In certain embodiments, the agent that promotes the formation of ectopic tissue, e.g., by promoting the proliferation and/or vascularization of the one or more cells to form the ectopic tissue, can be an activator of the LTβR and/or NIK signaling pathway. For example, but not by way of limitation, the method of generating ectopic tissue in or around a FALC or lymph node can comprise introducing a cell, e.g., a hepatocyte or a kidney cell into a FALC (or an anatomical region containing the FALC) or lymph node of a subject and providing at least one activator of the LTβR and/or NIK signaling pathway, wherein the activation of LTβR and/or NIK or downstream targets thereof promotes formation of the ectopic tissue, e.g., an ectopic liver tissue or an ectopic kidney tissue.
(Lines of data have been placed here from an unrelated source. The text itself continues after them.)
lemma Pi_rel_ugraph_edge: "Pi_rel m 2 (\<lambda>xs. ugraph_edge m (xs ! 0) (xs ! 1))"
  unfolding ugraph_edge_def
  by (intro Pi_rel_conj Pi_rel_disj Pi_rel_walk_code computable_imp_Pi_rel computable_rel_intros
      computable_rel_compose2[OF computable_share_endpoint_code] computable_endpoint_codeI recursive_intros; simp)

lemma Pi_binrel_ugraph: "Pi_binrel m (ugraph m)"
  unfolding Pi_binrel_def using Pi_rel_ugraph_edge[of m] by (rule Pi_rel_cong) (simp add: as_rel2_def)

type_synonym link = "nat \<times> nat \<times> nat"

definition link_code :: "link \<Rightarrow> nat" where
  "link_code t = ntriple (fst t) (fst (snd t)) (snd (snd t))"

definition walk_encode :: "link list \<Rightarrow> nat" where
  "walk_encode ts = list_encode (map link_code ts)"

lemma link_code_components [simp]:
  "nfst (link_code t) = fst t" "nsnd3 (link_code t) = fst (snd t)" "nthd3 (link_code t) = snd (snd t)"
  by (simp_all add: link_code_def)

lemma walk_encode_eq_iff [simp]: "walk_encode ts = walk_encode us \<longleftrightarrow> ts = us"
proof -
  have "inj link_code"
    by (rule injI) (metis link_code_components prod.collapse)
  then show ?thesis
    unfolding walk_encode_def list_encode_eq using inj_map_eq_map by blast
qed

lemma surj_walk_encode: "walk_encode (map (\<lambda>t. (nfst t, nsnd3 t, nthd3 t)) (list_decode L)) = L"
  by (simp add: walk_encode_def link_code_def comp_def)

lemma nlength_walk_encode [simp]: "nlength (walk_encode ts) = length ts"
  by (simp add: walk_encode_def nlength_list_encode)

lemma nnth_walk_encode [simp]: "i < length ts \<Longrightarrow> nnth (walk_encode ts) i = link_code (ts ! i)"
  by (simp add: walk_encode_def nnth_list_encode)

definition linked :: "link list \<Rightarrow> bool" where
  "linked ts \<longleftrightarrow> (\<forall>i. Suc i < length ts \<longrightarrow> fst (snd (ts ! i)) = fst (ts ! Suc i))"

definition points :: "link list \<Rightarrow> nat set" where
  "points ts = fst ` set ts \<union> (\<lambda>t. fst (snd t)) ` set ts"

definition witnessed :: "nat \<Rightarrow> nat \<Rightarrow> link \<Rightarrow> bool" where
  "witnessed m e t \<longleftrightarrow>
     pair_witness m e (snd (snd t)) (fst t) (fst (snd t)) \<or>
     pair_witness m e (snd (snd t)) (fst (snd t)) (fst t)"

definition walk :: "nat \<Rightarrow> nat \<Rightarrow> link list \<Rightarrow> bool" where
  "walk m e ts \<longleftrightarrow> ts \<noteq> [] \<and> linked ts \<and> (\<forall>t\<in>set ts. witnessed m e t)"

lemma linked_code_walk_encode: "linked_code (walk_encode ts) \<longleftrightarrow> linked ts"
  unfolding linked_code_def linked_def by (auto simp: less_diff_conv)

lemma endpoint_code_walk_encode: "endpoint_code x (walk_encode ts) \<longleftrightarrow> x \<in> points ts"
  unfolding endpoint_code_def points_def by (force simp: in_set_conv_nth)

lemma share_endpoint_code_walk_encode:
  "share_endpoint_code (walk_encode ts) (walk_encode us) \<longleftrightarrow> points ts \<inter> points us \<noteq> {}"
  unfolding share_endpoint_code_iff endpoint_code_walk_encode by blast

lemma walk_code_walk_encode: "walk_code m e (walk_encode ts) \<longleftrightarrow> walk m e ts"
proof -
  have "witnessed_links_code m e (walk_encode ts) \<longleftrightarrow> (\<forall>i<length ts. witnessed m e (ts ! i))"
    unfolding witnessed_links_code_def by (auto simp: witnessed_link_def witnessed_def)
  then show ?thesis
    unfolding walk_code_def walk_def linked_code_walk_encode by (auto simp: all_set_conv_all_nth)
qed

lemma linked_Cons: "linked (t # ts) \<longleftrightarrow> (ts = [] \<or> (fst (snd t) = fst (hd ts) \<and> linked ts))"
  unfolding linked_def by (cases ts) (simp_all add: All_less_Suc2)

lemma linked_append:
  "linked ts \<Longrightarrow> linked us \<Longrightarrow> ts \<noteq> [] \<Longrightarrow> us \<noteq> [] \<Longrightarrow> fst (snd (last ts)) = fst (hd us) \<Longrightarrow>
   linked (ts @ us)"
proof (induction ts)
  case (Cons t ts)
  then show ?case
    by (cases "ts = []") (auto simp: linked_Cons)
qed simp

lemma linked_take: "linked ts \<Longrightarrow> linked (take n ts)"
  unfolding linked_def by auto

definition flip :: "link \<Rightarrow> link" where
  "flip t = (fst (snd t), fst t, snd (snd t))"

lemma flip_components [simp]:
  "fst (flip t) = fst (snd t)" "fst (snd (flip t)) = fst t" "snd (snd (flip t)) = snd (snd t)"
  by (simp_all add: flip_def)

lemma witnessed_flip: "witnessed m e (flip t) \<longleftrightarrow> witnessed m e t"
  unfolding witnessed_def by auto

lemma linked_rev_map_flip: "linked ts \<Longrightarrow> linked (rev (map flip ts))"
proof (induction ts)
  case (Cons t ts)
  show ?case
  proof (cases "ts = []")
    case False
    with Cons have "linked (rev (map flip ts) @ [flip t])"
      by (intro linked_append) (auto simp: linked_Cons last_rev hd_map)
    then show ?thesis by simp
  qed (simp add: linked_def)
qed simp

lemma walk_rev_map_flip: "walk m e ts \<Longrightarrow> walk m e (rev (map flip ts))"
  unfolding walk_def using linked_rev_map_flip by (auto simp: witnessed_flip)

definition joined :: "nat \<Rightarrow> nat \<Rightarrow> nat \<Rightarrow> nat \<Rightarrow> bool" where
  "joined m e p q \<longleftrightarrow> (\<exists>ts. walk m e ts \<and> fst (hd ts) = p \<and> fst (snd (last ts)) = q)"

lemma joined_sym: "joined m e p q \<Longrightarrow> joined m e q p"
proof -
  assume "joined m e p q"
  then obtain ts where "walk m e ts" "fst (hd ts) = p" "fst (snd (last ts)) = q"
    unfolding joined_def by blast
  then show "joined m e q p"
    unfolding joined_def using walk_rev_map_flip
    by (intro exI[of _ "rev (map flip ts)"]) (auto simp: walk_def hd_rev last_rev hd_map last_map)
qed

lemma joined_trans: "joined m e p q \<Longrightarrow> joined m e q r \<Longrightarrow> joined m e p r"
proof -
  assume "joined m e p q" "joined m e q r"
  then obtain ts us where ts: "walk m e ts" "fst (hd ts) = p" "fst (snd (last ts)) = q"
    and us: "walk m e us" "fst (hd us) = q" "fst (snd (last us)) = r"
    unfolding joined_def by blast
  then have "walk m e (ts @ us)"
    unfolding walk_def by (auto intro: linked_append)
  then show "joined m e p r"
    unfolding joined_def using ts us by (intro exI[of _ "ts @ us"]) (auto simp: walk_def)
qed

lemma joined_hd_snd_nth: "walk m e ts \<Longrightarrow> i < length ts \<Longrightarrow> joined m e (fst (hd ts)) (fst (snd (ts ! i)))"
proof -
  assume ts: "walk m e ts" and i: "i < length ts"
  then have "walk m e (take (Suc i) ts)"
    unfolding walk_def by (auto intro: linked_take dest: in_set_takeD)
  moreover have "hd (take (Suc i) ts) = hd ts"
    using ts by (cases ts) (simp_all add: walk_def)
  moreover have "last (take (Suc i) ts) = ts ! i"
    using i by (simp add: take_Suc_conv_app_nth)
  ultimately show ?thesis
    unfolding joined_def by (intro exI[of _ "take (Suc i) ts"]) simp
qed

lemma joined_hd_fst_nth: "walk m e ts \<Longrightarrow> i < length ts \<Longrightarrow> joined m e (fst (hd ts)) (fst (ts ! i))"
proof (cases i)
  case 0
  assume ts: "walk m e ts" and "i < length ts"
  have "joined m e (fst (hd ts)) (fst (snd (last ts)))"
    unfolding joined_def using ts by blast
  then have "joined m e (fst (hd ts)) (fst (hd ts))"
    by (metis joined_sym joined_trans)
  then show ?thesis
    using ts 0 by (simp add: walk_def hd_conv_nth)
next
  case (Suc j)
  assume ts: "walk m e ts" and "i < length ts"
  then have "fst (snd (ts ! j)) = fst (ts ! i)"
    using Suc by (simp add: walk_def linked_def)
  then show ?thesis
    using joined_hd_snd_nth[OF ts, of j] \<open>i < length ts\<close> Suc by simp
qed

lemma joined_points: "walk m e ts \<Longrightarrow> p \<in> points ts \<Longrightarrow> q \<in> points ts \<Longrightarrow> joined m e p q"
proof -
  assume ts: "walk m e ts"
  have "joined m e (fst (hd ts)) p" if p: "p \<in> points ts" for p
  proof -
    obtain t where "t \<in> set ts" "p = fst t \<or> p = fst (snd t)"
      using p unfolding points_def by blast
    moreover obtain i where "i < length ts" "ts ! i = t"
      using \<open>t \<in> set ts\<close> by (meson in_set_conv_nth)
    ultimately show ?thesis
      using joined_hd_fst_nth[OF ts] joined_hd_snd_nth[OF ts] by auto
  qed
  then show "p \<in> points ts \<Longrightarrow> q \<in> points ts \<Longrightarrow> joined m e p q"
    by (metis joined_sym joined_trans)
qed

lemma joined_imp_walk: "joined m e p q \<Longrightarrow> \<exists>ts. walk m e ts \<and> p \<in> points ts \<and> q \<in> points ts"
proof -
  assume "joined m e p q"
  then obtain ts where ts: "walk m e ts" "fst (hd ts) = p" "fst (snd (last ts)) = q"
    unfolding joined_def by blast
  then have "hd ts \<in> set ts" "last ts \<in> set ts"
    by (auto simp: walk_def)
  then show ?thesis
    using ts unfolding points_def by blast
qed

lemma points_nonempty: "walk m e ts \<Longrightarrow> points ts \<noteq> {}"
  unfolding walk_def points_def by auto

definition point_vertex :: "nat \<Rightarrow> nat \<Rightarrow> nat" where
  "point_vertex e x = 4 + npair 0 (npair e x)"

definition walk_vertex :: "nat \<Rightarrow> link list \<Rightarrow> nat" where
  "walk_vertex e ts = 4 + npair 1 (npair e (walk_encode ts))"

lemma vertex_simps [simp]:
  "point_vertex e x = point_vertex e' x' \<longleftrightarrow> e = e' \<and> x = x'"
  "walk_vertex e ts = walk_vertex e' ts' \<longleftrightarrow> e = e' \<and> ts = ts'"
  "point_vertex e x \<noteq> walk_vertex e' ts"
  "walk_vertex e' ts \<noteq> point_vertex e x"
  "4 \<le> point_vertex e x" "4 \<le> walk_vertex e ts"
  by (simp_all add: point_vertex_def walk_vertex_def)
In certain embodiments, the activator of the LTβR and/or NIK signaling pathway is an activator of LTβR and/or NIK or an activator of the non-canonical NF-κB signaling pathway. In certain embodiments, the one or more cells to be grafted and the activator of the LTβR and/or NIK signaling pathway can be included in the same composition. Alternatively, the activator can be administrated prior to, during or after introduction of the one or more cells to be grafted into the subject.
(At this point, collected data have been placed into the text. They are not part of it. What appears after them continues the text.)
(* Let $a,b\ge0$ be integers with $a+b\ge1$, and $R>0$. For every $\zeta\in D^{a+b}_R$, the function $\mathcal{R}^{a,b}(\zeta)$ on $(0,\infty)^2$ extends to a continuous function on $[0,\infty)^2$ with support contained in $B_R(0)$. Moreover, the resulting map $\mathcal{R}^{a,b}:D^{a+b}_R\to C_{c,R}([0,\infty)^2)$ is continuous.
   Context: $C_b((0,\infty))$: continuous functions on $(0,\infty)$ with support bounded above. For $c>0$, $D^{c}_R$ is the set of $\zeta\in C_b((0,\infty))$ with support in $(0,R]$, $\lim_{t\to0}t^c\zeta(t)=0$, and $\lim_{t\to0}\int_t^\infty\zeta(r)r^{c-1}dr$ existing and finite, normed by $\|\zeta\|_{D^c}=\sup_{t>0}t^c|\zeta(t)|+\sup_{t>0}|\int_t^\infty\zeta(r)r^{c-1}dr|$. For $\zeta\in C_b((0,\infty))$ and $s,t>0$, $\mathcal{R}^{a,b}(\zeta)[s,t]=t^bs^a\zeta(\sqrt{s^2+t^2})+at^b\int_s^\infty\zeta(\sqrt{u^2+t^2})u^{a-1}du+bs^a\int_t^\infty\zeta(\sqrt{s^2+v^2})v^{b-1}dv+ab\int_t^\infty\int_s^\infty\zeta(\sqrt{u^2+v^2})u^{a-1}v^{b-1}du\,dv$. $C_{c,R}([0,\infty)^2)$: continuous functions on $[0,\infty)^2$ supported in $B_R(0)=\{|x|\le R\}$, with the maximum norm. *)

theory Defs
  imports "HOL-Analysis.Analysis"
begin

text \<open>Functions on (0,inf) are modelled as real => real; only values at t > 0 matter.\<close>

definition Dspace :: "real \<Rightarrow> real \<Rightarrow> (real \<Rightarrow> real) set" where
  "Dspace c R = {\<zeta>. continuous_on {0<..} \<zeta>
      \<and> (\<forall>t>0. \<zeta> t \<noteq> 0 \<longrightarrow> t \<le> R)
      \<and> ((\<lambda>t. t powr c * \<zeta> t) \<longlongrightarrow> 0) (at_right 0)
      \<and> (\<exists>L. ((\<lambda>t. integral {t..} (\<lambda>r. \<zeta> r * r powr (c - 1))) \<longlongrightarrow> L) (at_right 0))}"

definition Dnorm :: "real \<Rightarrow> (real \<Rightarrow> real) \<Rightarrow> real" where
  "Dnorm c \<zeta> = (SUP t\<in>{0<..}. \<bar>t powr c * \<zeta> t\<bar>)
              + (SUP t\<in>{0<..}. \<bar>integral {t..} (\<lambda>r. \<zeta> r * r powr (c - 1))\<bar>)"

definition Rop :: "nat \<Rightarrow> nat \<Rightarrow> (real \<Rightarrow> real) \<Rightarrow> real \<Rightarrow> real \<Rightarrow> real" where
  "Rop a b \<zeta> s t =
     t ^ b * s ^ a * \<zeta> (sqrt (s\<^sup>2 + t\<^sup>2))
   + real a * t ^ b * integral {s..} (\<lambda>u. \<zeta> (sqrt (u\<^sup>2 + t\<^sup>2)) * u powr (real a - 1))
   + real b * s ^ a * integral {t..} (\<lambda>v. \<zeta> (sqrt (s\<^sup>2 + v\<^sup>2)) * v powr (real b - 1))
   + real a * real b * integral ({s..} \<times> {t..})
        (\<lambda>(u, v). \<zeta> (sqrt (u\<^sup>2 + v\<^sup>2)) * u powr (real a - 1) * v powr (real b - 1))"

definition Quad :: "(real \<times> real) set" where
  "Quad = {0..} \<times> {0..}"

definition is_ext :: "nat \<Rightarrow> nat \<Rightarrow> real \<Rightarrow> (real \<Rightarrow> real) \<Rightarrow> (real \<times> real \<Rightarrow> real) \<Rightarrow> bool" where
  "is_ext a b R \<zeta> F \<longleftrightarrow> continuous_on Quad F
      \<and> (\<forall>s>0. \<forall>t>0. F (s, t) = Rop a b \<zeta> s t)
      \<and> closure {x \<in> Quad. F x \<noteq> 0} \<subseteq> cball 0 R"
In certain embodiments, the activator of the LTβR and/or NIK signaling pathway can increase expression of LTβR or NIK in a cell, e.g., a stromal cell or stromal endothelial cell, present in the subject that is undergoing the graft. For example, but not by way of limitation, the activator of the LTβR and/or NIK signaling pathway activates the signaling pathway in stromal cells present in the FALC of the subject.
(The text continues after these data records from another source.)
lemma unit_expansion: "\<exists>es. (\<forall>e\<in>set es. admissible e) \<and> lin_comb es = (u, f)"
proof -
  define blk where "blk i = map (\<lambda>a. (Poly_Mapping.single a (Poly_Mapping.lookup (u i) a),
      (unitv i :: ('v, 'k) vec, fs i))) (keys_list (u i))" for i
  define es where "es = concat (map blk [0..<m])"
  have u0: "\<forall>i\<ge>m. u i = 0" and fsum: "(\<Sum>i<m. u i * fs i) = f" using uf_M by (auto simp: Mset_def)
  have blk_sum: "lin_comb (blk i) = smul (u i) (unitv i, fs i)" for i
    using single_mult_monomial_sum[of 0 1 "u i"] unfolding blk_def by (simp add: lin_comb_same_element)
  have "lin_comb es = (u, f)"
  proof (rule pair_eqI)
    fix i
    have "fst (lin_comb es) i = (\<Sum>j\<in>{0..<m}. u j * unitv j i)"
      unfolding es_def fst_lin_comb_concat by (simp add: blk_sum o_def interv_sum_list_conv_sum_set_nat)
    also have "\<dots> = (\<Sum>j\<in>{0..<m}. if j = i then u i else 0)"
      by (rule sum.cong) (auto simp: unitv_def)
    also have "\<dots> = u i" using u0 by (simp add: not_less)
    finally show "fst (lin_comb es) i = fst (u, f) i" by simp
  next
    have "snd (lin_comb es) = (\<Sum>j\<in>{0..<m}. u j * fs j)"
      unfolding es_def snd_lin_comb_concat by (simp add: blk_sum o_def interv_sum_list_conv_sum_set_nat)
    then show "snd (lin_comb es) = snd (u, f)" using fsum by (simp add: atLeast0LessThan)
  qed
  moreover have "admissible e" if e_in: "e \<in> set es" for e
  proof -
    obtain i a where i: "i < m" and a: "a \<in> Poly_Mapping.keys (u i)"
      and e: "e = (Poly_Mapping.single a (Poly_Mapping.lookup (u i) a), (unitv i, fs i))"
      using e_in unfolding es_def blk_def by (auto simp: keys_list)
    have "summand_vt e \<subseteq> shift_terms a (vec_terms (unitv i :: ('v, 'k) vec))"
      using vec_terms_single_mult_subset[of a _ "(unitv i, fs i)"] unfolding e summand_vt_def by simp
    also have "\<dots> = {(a, i)}"
      unfolding shift_terms_def vec_terms_def unitv_def by (auto split: if_splits)
    also have "\<dots> \<subseteq> vec_terms u" using a unfolding vec_terms_def by simp
    finally show ?thesis
      using units i dominates_subset[OF linm] unfolding admissible_def is_monomial_def e by auto
  qed
  ultimately show ?thesis by blast
qed

lemma exists_bound: "\<exists>T. \<forall>e\<in>set es. below T e"
proof (cases "\<Union>(summand_pt ` set es) = {}")
  case True
  then show ?thesis unfolding below_def by blast
next
  case False
  then show ?thesis
    using lt_of_max[OF linp, of "\<Union>(summand_pt ` set es)"] unfolding below_def
    by (auto simp: summand_pt_def)
qed

end

theorem lemma2:
  fixes ordp :: "('v::finite) pp \<Rightarrow> 'v pp \<Rightarrow> bool"
    and ordm :: "'v pp \<times> nat \<Rightarrow> 'v pp \<times> nat \<Rightarrow> bool"
    and m :: nat
    and fs :: "nat \<Rightarrow> ('v, 'k::field) mpoly"
    and G :: "(('v, 'k) vec \<times> ('v, 'k) mpoly) set"
    and u :: "('v, 'k) vec" and f :: "('v, 'k) mpoly"
  assumes "pp_term_order ordp"
    and "mod_term_order ordm"
    and "finite G"
    and "G \<subseteq> Mset m fs"
    and "\<forall>i<m. (unitv i, fs i) \<in> G"
    and "(u, f) \<in> Mset m fs"
    and "\<forall>x\<in>G. \<forall>y\<in>G. crit_pair ordp ordm x y \<and>
           lpp_ge ordm (vec_terms u) (vec_terms (fst (smul (pp_monom (cp_mult1 ordp x y)) x)))
           \<longrightarrow> std_rep ordp ordm G (spoly ordp x y)"
  shows "std_rep ordp ordm G (u, f)"
proof -
  interpret std_rep_criterion ordp ordm m fs G u f
    by (rule std_rep_criterion.intro) (fact assms)+
  obtain es where adm: "\<forall>e\<in>set es. admissible e" and sum: "lin_comb es = (u, f)"
    using unit_expansion by blast
  obtain T where "\<forall>e\<in>set es. below T e" using exists_bound by blast
  then have "bounded_rep T es" using adm sum unfolding bounded_rep_def by blast
  then show ?thesis by (rule std_rep_if_bounded_rep)
qed

end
Alternatively and/or additionally, the cells to be grafted can be a heterogeneous cell population, e.g., a composition comprising a heterogeneous cell population, that includes stromal cells or stromal endothelial cells, and the activator of the LTβR and/or NIK signaling pathway can increase expression of LTβR or NIK in the stromal cells or stromal endothelial cells present in the composition to be grafted. For example, but not by way of limitation, a method for generating ectopic tissue can comprise (a) introducing one or more cells, e.g., hepatocytes or kidney cells, into a FALC or lymph node of a subject to form an ectopic tissue, e.g., an ectopic liver tissue or an ectopic kidney tissue, (b) introducing one or more bone marrow-derived cells and/or stromal cells to promote the proliferation and/or vascularization of the one or more cells to form the ectopic tissue and (c) administering an activator of the LTβR and/or NIK signaling pathway. In certain embodiments, the activator of the LTβR and/or NIK signaling pathway is present in the composition that includes the one or more cells to be grafted and the one or more bone marrow-derived cells and/or stromal cells or the activator of the LTβR and/or NIK signaling pathway is present in the composition that includes the one or more bone marrow-derived cells and/or stromal cells.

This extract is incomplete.